Collected data entries:

lemma base_term_Suc_ratio:
  assumes hx: "Im x \<noteq> 0" and km: "k \<le> m"
  shows "base_term x m (Suc k) * ((of_nat k+1)*(x+1+2*of_nat k)^2*(2*x+3+2*of_nat m+2*of_nat k))
     = -(of_nat m - of_nat k)*(x+2*of_nat k+2)^2*(2*x+1+2*of_nat k)*base_term x m k"
proof -
  define gA where "gA = (x / 2 + of_nat k) gchoose k"
  define gB where "gB = (x - 1/2 + of_nat k) gchoose k"
  define gC where "gC = ((x - 1) / 2 + of_nat k) gchoose k"
  define gD where "gD = (x - 1/2 + of_nat m + of_nat k) gchoose k"
  define p where "p = (of_nat (Suc k) :: complex)"
  define v where "v = 1 + 2 * x + 2 * of_nat m + 2 * of_nat k"
  define v' where "v' = 1 + 2 * x + 2 * of_nat m + 2 * of_nat (Suc k)"
  define a where "a = x/2 + of_nat (Suc k)"
  define b where "b = x - 1/2 + of_nat (Suc k)"
  define c where "c = (x - 1)/2 + of_nat (Suc k)"
  define d where "d = x - 1/2 + of_nat m + of_nat (Suc k)"
  have nonzero: "p \<noteq> 0" "gC \<noteq> 0" "gD \<noteq> 0" "v \<noteq> 0" "c \<noteq> 0" "d \<noteq> 0" "v' \<noteq> 0"
    unfolding p_def gC_def gD_def v_def v'_def c_def d_def
    by (simp_all add: gbinomial_nonreal_nonzero nonreal_eq_0_iff hx del: of_nat_Suc)
  have choose_Suc: "of_nat (m choose Suc k) = of_nat (m choose k) * (of_nat m - of_nat k) / p"
  proof -
    have "of_nat (m choose Suc k) * p = (of_nat (m choose k) * (of_nat m - of_nat k) :: complex)"
      unfolding p_def using binomial_Suc_right_mult[of m k] km by (metis of_nat_mult of_nat_diff)
    then show ?thesis using nonzero(1) by (simp add: eq_divide_eq)
  qed
  have "(-s)*(C*q/p) * ((A*a/p)^2 * (B*b/p)) / ((G*c/p)^2 * (D*d/p) * v')
     = (s*C*(A^2*B)/(G^2*D*v)) * (-q*a^2*b*v/(p*c^2*d*v'))"
    if "G \<noteq> 0" "D \<noteq> 0" for s C A B G D q :: complex
    using that nonzero by (simp add: field_simps power2_eq_square)
  from this[OF nonzero(2,3)]
  have ratio: "base_term x m (Suc k) = base_term x m k * (-(of_nat m - of_nat k)*a^2*b*v/(p*c^2*d*v'))"
    unfolding base_term_eq[OF hx] choose_Suc gbinomial_Suc_shift
    unfolding gA_def[symmetric] gB_def[symmetric] gC_def[symmetric] gD_def[symmetric]
      v_def[symmetric] v'_def[symmetric] a_def[symmetric] b_def[symmetric] c_def[symmetric] d_def[symmetric]
    unfolding p_def[symmetric]
    by (simp only: power_Suc mult_minus1 mult.assoc)
  have "x+1+2*of_nat k = 2*c" "v = 2*d" "2*x+3+2*of_nat m+2*of_nat k = v'"
    "x+2*of_nat k+2 = 2*a" "2*x+1+2*of_nat k = 2*b" "of_nat k + 1 = p"
    unfolding a_def b_def c_def d_def v_def v'_def p_def by (simp_all add: field_simps)
  then have "(-(of_nat m - of_nat k)*a^2*b*v/(p*c^2*d*v')) * ((of_nat k+1)*(x+1+2*of_nat k)^2*(2*x+3+2*of_nat m+2*of_nat k))
     = -(of_nat m - of_nat k)*(x+2*of_nat k+2)^2*(2*x+1+2*of_nat k)"
    using nonzero by (simp add: field_simps power2_eq_square)
  then show ?thesis
    unfolding ratio by (simp only: mult.commute mult.left_commute)
qed

lemma summand_Suc_ratio:
  assumes hx: "Im x \<noteq> 0" and kn: "k \<le> Suc n"
  shows "summand x n k * ((of_nat n+1)*(2*x+1+2*of_nat n))
     = (of_nat n+1-of_nat k)*(2*x+3+2*of_nat n+2*of_nat k)*((1+2*x+4*of_nat k)*base_term x (Suc n) k)"
proof (cases "k = Suc n")
  case True
  then show ?thesis by (simp add: summand_def)
next
  case False
  with kn have kn': "k \<le> n" by simp
  define y where "y = x - 1/2 + of_nat n"
  define q where "q = (of_nat n + 1 - of_nat k :: complex)"
  have nonzero: "(((x - 1) / 2 + of_nat k) gchoose k)^2 \<noteq> 0" "(y + of_nat k) gchoose k \<noteq> 0"
    "y + 1 \<noteq> 0" "y + 1 + of_nat k \<noteq> 0" "1 + 2 * x + 2 * of_nat (Suc n) + 2 * of_nat k \<noteq> 0"
    "1 + 2 * x + 4 * of_nat k \<noteq> 0"
    unfolding y_def q_def using kn'
    by (simp_all add: gbinomial_nonreal_nonzero nonreal_eq_0_iff hx)
  have "q \<noteq> 0"
  proof
    assume "q = 0"
    then have "of_nat (Suc n) = (of_nat k :: complex)" by (simp add: q_def add.commute)
    with kn' show False by (simp only: of_nat_eq_iff)
  qed
  have shift: "(x - 1/2 + of_nat (Suc n) + of_nat k) gchoose k = ((y + of_nat k) gchoose k) * (y + 1 + of_nat k) / (y + 1)"
  proof -
    have "x - 1/2 + of_nat (Suc n) + of_nat k = y + 1 + of_nat k"
      unfolding y_def by simp
    then show ?thesis
      using gbinomial_shift_mult[of y k] nonzero(3) by (simp add: eq_divide_eq)
  qed
  have choose_Suc: "of_nat (Suc n choose k) = (of_nat n + 1) * of_nat (n choose k) / q"
  proof -
    have "(Suc n - k) * (Suc n choose k) = Suc n * (n choose k)"
      using binomial_absorb_comp[of "Suc n" k] by simp
    then have "of_nat (Suc n choose k) * q = (of_nat n + 1) * (of_nat (n choose k) :: complex)"
      unfolding q_def using kn by (metis mult.commute of_nat_Suc of_nat_diff of_nat_mult add.commute)
    then show ?thesis using `q \<noteq> 0` by (simp add: eq_divide_eq)
  qed
  have affine: "1 + 2 * x + 2 * of_nat n + 2 * of_nat k = 2 * (y + 1 + of_nat k)"
    "(of_nat n + 1) * (2 * x + 1 + 2 * of_nat n) = (of_nat n + 1) * (2 * (y + 1))"
    "2*x+3+2*of_nat n+2*of_nat k = 1 + 2 * x + 2 * of_nat (Suc n) + 2 * of_nat k"
    unfolding y_def by (simp_all add: field_simps)
  have summand_Suc: "(1 + 2 * x + 4 * of_nat k) * base_term x (Suc n) k = summand x (Suc n) k"
    unfolding base_term_def using nonzero(6) by simp
  have "s * C * P / (Q * D) * (w / (2*t)) * (p * (2*u)) = q * v' * (s * (p*C/q) * P / (Q * (D*t/u)) * (w / v'))"
    if "Q \<noteq> 0" "D \<noteq> 0" "u \<noteq> 0" "t \<noteq> 0" "v' \<noteq> 0" for s C P Q D w p u t v' :: complex
    using that `q \<noteq> 0` by (simp add: field_simps)
  from this[OF nonzero(1-5)] show ?thesis
    unfolding summand_Suc unfolding summand_def shift choose_Suc affine unfolding y_def[symmetric] q_def .
qed

lemma H_double_Suc_diff:
  assumes "x + 2 * of_nat k + 1 \<noteq> 0" "x + 2 * of_nat k + 2 \<noteq> 0"
  shows "(H (2 * Suc k) x - H (2 * k) x) * ((x + 2 * of_nat k + 1) * (x + 2 * of_nat k + 2))
    = 2 * x + 4 * of_nat k + 3"
proof -
  have "H (2 * Suc k) x - H (2 * k) x = 1 / (x + 2 * of_nat k + 1) + 1 / (x + 2 * of_nat k + 2)"
    by (simp add: H_def add_ac)
  moreover have "(1 / a + 1 / b) * (a * b) = a + b" if "a \<noteq> 0" "b \<noteq> 0" for a b :: complex
    using that by (simp add: distrib_right)
  ultimately show ?thesis
    using assms by simp
qed

section \<open>The certificate\<close>

text \<open>The certificate polynomials were found by computer algebra. The next three identities are
  the coefficients of \<open>h\<^sup>2\<close>, \<open>h\<close> and \<open>1\<close> in \<open>cert_G_difference\<close> after clearing denominators.\<close>

definition cert_R :: "complex \<Rightarrow> complex \<Rightarrow> complex \<Rightarrow> complex" where
 "cert_R x n k = (-3*k+10*k^2-4*k^3-8*k^4 -2*n*k+8*n*k^2-8*n*k^3 +4*x*k -16*x*k^3 +4*x*n*k -8*x*n*k^2 + x^2*k -10*x^2*k^2 -2*x^2*n*k -2*x^3*k)"
definition cert_S :: "complex \<Rightarrow> complex \<Rightarrow> complex \<Rightarrow> complex" where
 "cert_S x n k = (-6*k+14*k^2-8*k^4-10*n*k+20*n*k^2-4*n^2*k+8*n^2*k^2+2*x*k+10*x*k^2-12*x*k^3+6*x*n*k+8*x*n*k^2+4*x*n^2*k+4*x^2*k-4*x^2*k^2+4*x^2*n*k)"
definition cert_W :: "complex \<Rightarrow> complex \<Rightarrow> complex \<Rightarrow> complex" where
 "cert_W x n k = (-12*k+16*k^2+4*k^3-8*k^4-32*n*k+24*n*k^2+8*n*k^3-28*n^2*k+8*n^2*k^2-8*n^3*k-8*x*k+16*x*k^2-8*x*k^3-16*x*n*k+16*x*n*k^2-8*x*n^2*k)"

**Task brief**
Print, exactly as written, the first line of the records above and each line after it until the line with "define v where", which is printed too.

**Written response**
lemma base_term_Suc_ratio:
  assumes hx: "Im x \<noteq> 0" and km: "k \<le> m"
  shows "base_term x m (Suc k) * ((of_nat k+1)*(x+1+2*of_nat k)^2*(2*x+3+2*of_nat m+2*of_nat k))
     = -(of_nat m - of_nat k)*(x+2*of_nat k+2)^2*(2*x+1+2*of_nat k)*base_term x m k"
proof -
  define gA where "gA = (x / 2 + of_nat k) gchoose k"
  define gB where "gB = (x - 1/2 + of_nat k) gchoose k"
  define gC where "gC = ((x - 1) / 2 + of_nat k) gchoose k"
  define gD where "gD = (x - 1/2 + of_nat m + of_nat k) gchoose k"
  define p where "p = (of_nat (Suc k) :: complex)"
  define v where "v = 1 + 2 * x + 2 * of_nat m + 2 * of_nat k"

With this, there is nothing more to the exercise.